### Your goal
If a line of the records contains the word "longleftrightarrow", list it.

- - -

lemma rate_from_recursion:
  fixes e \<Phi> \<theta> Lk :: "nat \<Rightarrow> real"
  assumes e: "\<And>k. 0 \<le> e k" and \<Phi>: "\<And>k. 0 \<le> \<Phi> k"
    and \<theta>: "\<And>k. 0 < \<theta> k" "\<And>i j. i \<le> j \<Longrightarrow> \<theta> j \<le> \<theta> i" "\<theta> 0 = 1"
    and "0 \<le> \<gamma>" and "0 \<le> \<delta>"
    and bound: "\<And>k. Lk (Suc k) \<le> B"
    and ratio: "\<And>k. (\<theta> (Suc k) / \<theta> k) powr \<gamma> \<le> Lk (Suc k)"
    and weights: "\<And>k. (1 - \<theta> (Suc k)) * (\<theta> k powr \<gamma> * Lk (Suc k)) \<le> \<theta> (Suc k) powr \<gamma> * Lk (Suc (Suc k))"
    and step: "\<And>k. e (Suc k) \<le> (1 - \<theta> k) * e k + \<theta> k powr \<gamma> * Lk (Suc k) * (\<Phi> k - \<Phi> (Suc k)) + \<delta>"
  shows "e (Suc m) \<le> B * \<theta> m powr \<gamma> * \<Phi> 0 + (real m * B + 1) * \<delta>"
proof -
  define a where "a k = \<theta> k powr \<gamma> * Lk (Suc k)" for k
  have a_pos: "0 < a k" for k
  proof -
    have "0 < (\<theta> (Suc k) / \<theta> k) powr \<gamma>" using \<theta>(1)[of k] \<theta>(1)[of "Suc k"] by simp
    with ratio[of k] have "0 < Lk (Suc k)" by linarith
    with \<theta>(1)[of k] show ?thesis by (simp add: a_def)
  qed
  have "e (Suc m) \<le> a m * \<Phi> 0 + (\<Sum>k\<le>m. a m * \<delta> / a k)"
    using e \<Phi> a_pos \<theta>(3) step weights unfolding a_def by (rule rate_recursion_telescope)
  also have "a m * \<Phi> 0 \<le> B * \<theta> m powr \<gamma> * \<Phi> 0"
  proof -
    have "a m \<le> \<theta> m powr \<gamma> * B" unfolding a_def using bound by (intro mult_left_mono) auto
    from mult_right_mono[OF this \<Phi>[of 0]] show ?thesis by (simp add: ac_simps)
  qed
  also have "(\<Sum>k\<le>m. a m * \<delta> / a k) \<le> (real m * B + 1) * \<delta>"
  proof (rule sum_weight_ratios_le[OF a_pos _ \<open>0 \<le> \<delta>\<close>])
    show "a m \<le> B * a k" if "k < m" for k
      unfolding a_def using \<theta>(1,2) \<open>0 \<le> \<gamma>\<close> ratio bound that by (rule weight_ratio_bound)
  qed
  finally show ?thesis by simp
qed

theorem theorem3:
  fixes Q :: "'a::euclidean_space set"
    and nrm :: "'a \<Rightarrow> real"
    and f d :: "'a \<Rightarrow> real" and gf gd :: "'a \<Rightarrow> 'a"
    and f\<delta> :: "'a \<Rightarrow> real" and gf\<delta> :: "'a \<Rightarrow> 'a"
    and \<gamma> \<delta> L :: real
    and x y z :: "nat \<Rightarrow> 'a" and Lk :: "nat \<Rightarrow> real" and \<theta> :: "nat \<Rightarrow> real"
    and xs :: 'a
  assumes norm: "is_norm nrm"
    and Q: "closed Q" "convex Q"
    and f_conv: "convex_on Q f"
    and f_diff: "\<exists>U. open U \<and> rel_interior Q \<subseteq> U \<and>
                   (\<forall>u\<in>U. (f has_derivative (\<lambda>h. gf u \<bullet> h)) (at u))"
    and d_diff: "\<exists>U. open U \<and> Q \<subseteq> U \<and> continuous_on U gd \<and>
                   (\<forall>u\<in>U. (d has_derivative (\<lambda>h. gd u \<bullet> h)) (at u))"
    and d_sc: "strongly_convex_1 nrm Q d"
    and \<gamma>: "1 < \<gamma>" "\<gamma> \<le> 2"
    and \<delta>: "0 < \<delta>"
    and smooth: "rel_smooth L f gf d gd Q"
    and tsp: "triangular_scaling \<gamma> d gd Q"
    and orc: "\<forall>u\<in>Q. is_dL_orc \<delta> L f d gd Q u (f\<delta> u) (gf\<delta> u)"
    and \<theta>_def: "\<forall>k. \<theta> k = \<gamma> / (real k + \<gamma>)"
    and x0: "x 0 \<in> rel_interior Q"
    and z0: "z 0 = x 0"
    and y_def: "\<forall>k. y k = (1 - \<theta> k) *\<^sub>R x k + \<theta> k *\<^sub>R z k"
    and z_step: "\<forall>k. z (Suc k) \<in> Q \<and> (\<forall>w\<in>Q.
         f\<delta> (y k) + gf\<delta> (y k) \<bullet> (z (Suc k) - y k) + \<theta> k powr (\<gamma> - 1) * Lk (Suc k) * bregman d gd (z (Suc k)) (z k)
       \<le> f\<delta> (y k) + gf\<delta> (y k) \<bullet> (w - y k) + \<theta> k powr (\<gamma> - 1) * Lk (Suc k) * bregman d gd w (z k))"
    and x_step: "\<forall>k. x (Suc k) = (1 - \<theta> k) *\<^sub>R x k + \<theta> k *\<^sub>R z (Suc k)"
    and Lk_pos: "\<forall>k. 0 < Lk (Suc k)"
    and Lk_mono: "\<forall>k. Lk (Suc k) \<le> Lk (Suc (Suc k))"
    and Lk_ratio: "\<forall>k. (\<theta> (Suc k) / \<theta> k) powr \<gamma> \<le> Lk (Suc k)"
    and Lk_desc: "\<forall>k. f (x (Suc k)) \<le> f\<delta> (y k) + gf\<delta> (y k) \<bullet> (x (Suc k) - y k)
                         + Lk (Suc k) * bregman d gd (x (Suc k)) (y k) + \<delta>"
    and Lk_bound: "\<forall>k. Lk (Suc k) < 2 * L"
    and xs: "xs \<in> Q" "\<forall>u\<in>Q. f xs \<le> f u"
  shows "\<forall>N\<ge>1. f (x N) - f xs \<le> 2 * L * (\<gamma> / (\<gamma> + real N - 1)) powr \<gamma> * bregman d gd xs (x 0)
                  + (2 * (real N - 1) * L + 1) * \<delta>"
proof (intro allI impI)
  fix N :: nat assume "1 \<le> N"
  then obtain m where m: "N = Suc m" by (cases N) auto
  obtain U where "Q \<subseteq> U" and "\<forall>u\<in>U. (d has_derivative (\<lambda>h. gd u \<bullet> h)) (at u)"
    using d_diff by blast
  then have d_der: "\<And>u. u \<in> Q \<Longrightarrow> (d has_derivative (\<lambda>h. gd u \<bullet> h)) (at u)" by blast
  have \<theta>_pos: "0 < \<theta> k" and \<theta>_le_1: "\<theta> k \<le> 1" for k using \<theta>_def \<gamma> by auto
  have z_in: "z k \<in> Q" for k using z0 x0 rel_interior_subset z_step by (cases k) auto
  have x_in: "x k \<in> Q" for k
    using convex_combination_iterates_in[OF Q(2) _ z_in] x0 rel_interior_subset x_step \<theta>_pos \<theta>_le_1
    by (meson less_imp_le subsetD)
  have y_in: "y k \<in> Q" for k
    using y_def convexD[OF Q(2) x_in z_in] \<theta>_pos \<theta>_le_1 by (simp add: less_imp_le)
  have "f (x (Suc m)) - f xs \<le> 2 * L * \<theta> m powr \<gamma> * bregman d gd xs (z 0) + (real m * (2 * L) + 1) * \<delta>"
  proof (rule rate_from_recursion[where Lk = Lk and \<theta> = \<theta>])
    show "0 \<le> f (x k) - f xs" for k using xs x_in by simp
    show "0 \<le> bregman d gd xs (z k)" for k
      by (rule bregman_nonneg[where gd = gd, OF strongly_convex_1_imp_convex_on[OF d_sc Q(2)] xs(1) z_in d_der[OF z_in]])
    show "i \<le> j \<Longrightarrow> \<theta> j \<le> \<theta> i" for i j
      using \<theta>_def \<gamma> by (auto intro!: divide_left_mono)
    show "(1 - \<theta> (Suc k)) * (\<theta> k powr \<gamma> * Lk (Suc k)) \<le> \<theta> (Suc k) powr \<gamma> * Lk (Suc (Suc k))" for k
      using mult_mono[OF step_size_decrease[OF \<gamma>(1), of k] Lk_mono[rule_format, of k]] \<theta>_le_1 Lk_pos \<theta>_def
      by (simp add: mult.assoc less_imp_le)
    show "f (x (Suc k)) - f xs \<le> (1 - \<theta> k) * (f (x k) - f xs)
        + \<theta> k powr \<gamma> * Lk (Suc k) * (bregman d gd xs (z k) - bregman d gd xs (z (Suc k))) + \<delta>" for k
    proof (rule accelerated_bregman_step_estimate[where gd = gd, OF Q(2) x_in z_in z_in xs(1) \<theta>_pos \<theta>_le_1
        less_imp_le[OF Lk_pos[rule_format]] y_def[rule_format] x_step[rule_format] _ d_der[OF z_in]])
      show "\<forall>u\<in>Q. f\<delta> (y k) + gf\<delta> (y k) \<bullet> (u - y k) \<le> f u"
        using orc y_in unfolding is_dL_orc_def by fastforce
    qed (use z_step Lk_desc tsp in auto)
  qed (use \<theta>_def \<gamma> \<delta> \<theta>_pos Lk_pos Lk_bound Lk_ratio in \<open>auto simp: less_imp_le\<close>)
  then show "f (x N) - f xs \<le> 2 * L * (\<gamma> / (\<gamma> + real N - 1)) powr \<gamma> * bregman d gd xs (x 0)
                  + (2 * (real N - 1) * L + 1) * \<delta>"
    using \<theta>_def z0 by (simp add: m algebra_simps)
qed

- - -

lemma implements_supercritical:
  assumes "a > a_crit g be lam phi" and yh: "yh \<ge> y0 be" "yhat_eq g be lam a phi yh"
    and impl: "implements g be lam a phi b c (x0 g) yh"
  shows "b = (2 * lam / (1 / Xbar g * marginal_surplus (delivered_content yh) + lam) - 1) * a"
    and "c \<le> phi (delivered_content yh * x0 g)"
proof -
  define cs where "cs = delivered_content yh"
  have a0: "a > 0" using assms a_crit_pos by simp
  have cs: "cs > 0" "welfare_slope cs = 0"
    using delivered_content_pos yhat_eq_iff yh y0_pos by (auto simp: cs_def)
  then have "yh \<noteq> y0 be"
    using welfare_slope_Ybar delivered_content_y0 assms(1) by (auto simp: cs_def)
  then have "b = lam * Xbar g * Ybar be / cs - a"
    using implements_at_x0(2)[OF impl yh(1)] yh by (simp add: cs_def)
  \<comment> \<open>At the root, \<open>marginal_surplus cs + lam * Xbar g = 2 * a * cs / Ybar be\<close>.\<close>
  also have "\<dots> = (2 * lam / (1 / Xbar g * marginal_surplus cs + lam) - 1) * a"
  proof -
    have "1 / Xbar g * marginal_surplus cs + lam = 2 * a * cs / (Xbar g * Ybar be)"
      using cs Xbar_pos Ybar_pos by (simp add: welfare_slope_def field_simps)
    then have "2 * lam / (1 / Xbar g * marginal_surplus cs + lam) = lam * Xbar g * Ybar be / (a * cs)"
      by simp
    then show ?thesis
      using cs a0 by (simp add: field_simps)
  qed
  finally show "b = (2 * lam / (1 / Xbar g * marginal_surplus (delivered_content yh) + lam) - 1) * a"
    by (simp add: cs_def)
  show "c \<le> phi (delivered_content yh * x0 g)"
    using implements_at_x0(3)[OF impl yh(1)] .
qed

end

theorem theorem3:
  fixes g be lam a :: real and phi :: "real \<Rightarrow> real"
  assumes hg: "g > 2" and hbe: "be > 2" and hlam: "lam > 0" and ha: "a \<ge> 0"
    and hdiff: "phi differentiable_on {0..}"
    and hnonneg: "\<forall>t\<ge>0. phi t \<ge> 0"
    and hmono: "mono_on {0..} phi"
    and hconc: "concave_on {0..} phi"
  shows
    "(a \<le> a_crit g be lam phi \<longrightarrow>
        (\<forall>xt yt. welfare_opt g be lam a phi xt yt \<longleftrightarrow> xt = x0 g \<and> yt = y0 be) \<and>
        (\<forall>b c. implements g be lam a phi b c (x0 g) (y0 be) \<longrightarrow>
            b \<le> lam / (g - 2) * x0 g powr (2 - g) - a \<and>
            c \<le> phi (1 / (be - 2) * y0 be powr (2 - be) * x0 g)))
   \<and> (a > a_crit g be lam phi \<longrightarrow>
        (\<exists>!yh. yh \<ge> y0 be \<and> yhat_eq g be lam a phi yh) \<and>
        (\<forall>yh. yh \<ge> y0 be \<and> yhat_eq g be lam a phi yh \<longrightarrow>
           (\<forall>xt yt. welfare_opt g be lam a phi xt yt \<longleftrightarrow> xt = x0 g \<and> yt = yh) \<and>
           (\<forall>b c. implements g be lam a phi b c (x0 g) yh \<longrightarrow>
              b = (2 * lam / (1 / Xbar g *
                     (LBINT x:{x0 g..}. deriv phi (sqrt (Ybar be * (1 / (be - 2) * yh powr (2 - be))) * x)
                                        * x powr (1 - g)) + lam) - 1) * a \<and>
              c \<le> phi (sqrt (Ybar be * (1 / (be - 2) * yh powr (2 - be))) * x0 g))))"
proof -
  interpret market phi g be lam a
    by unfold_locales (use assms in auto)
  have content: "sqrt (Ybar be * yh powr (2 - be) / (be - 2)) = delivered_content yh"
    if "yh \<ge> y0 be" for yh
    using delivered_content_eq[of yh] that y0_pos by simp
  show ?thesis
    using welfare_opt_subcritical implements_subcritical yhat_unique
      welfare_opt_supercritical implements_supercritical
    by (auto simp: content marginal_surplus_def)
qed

- - -

### Response for this exercise
        (\<forall>xt yt. welfare_opt g be lam a phi xt yt \<longleftrightarrow> xt = x0 g \<and> yt = y0 be) \<and>
           (\<forall>xt yt. welfare_opt g be lam a phi xt yt \<longleftrightarrow> xt = x0 g \<and> yt = yh) \<and>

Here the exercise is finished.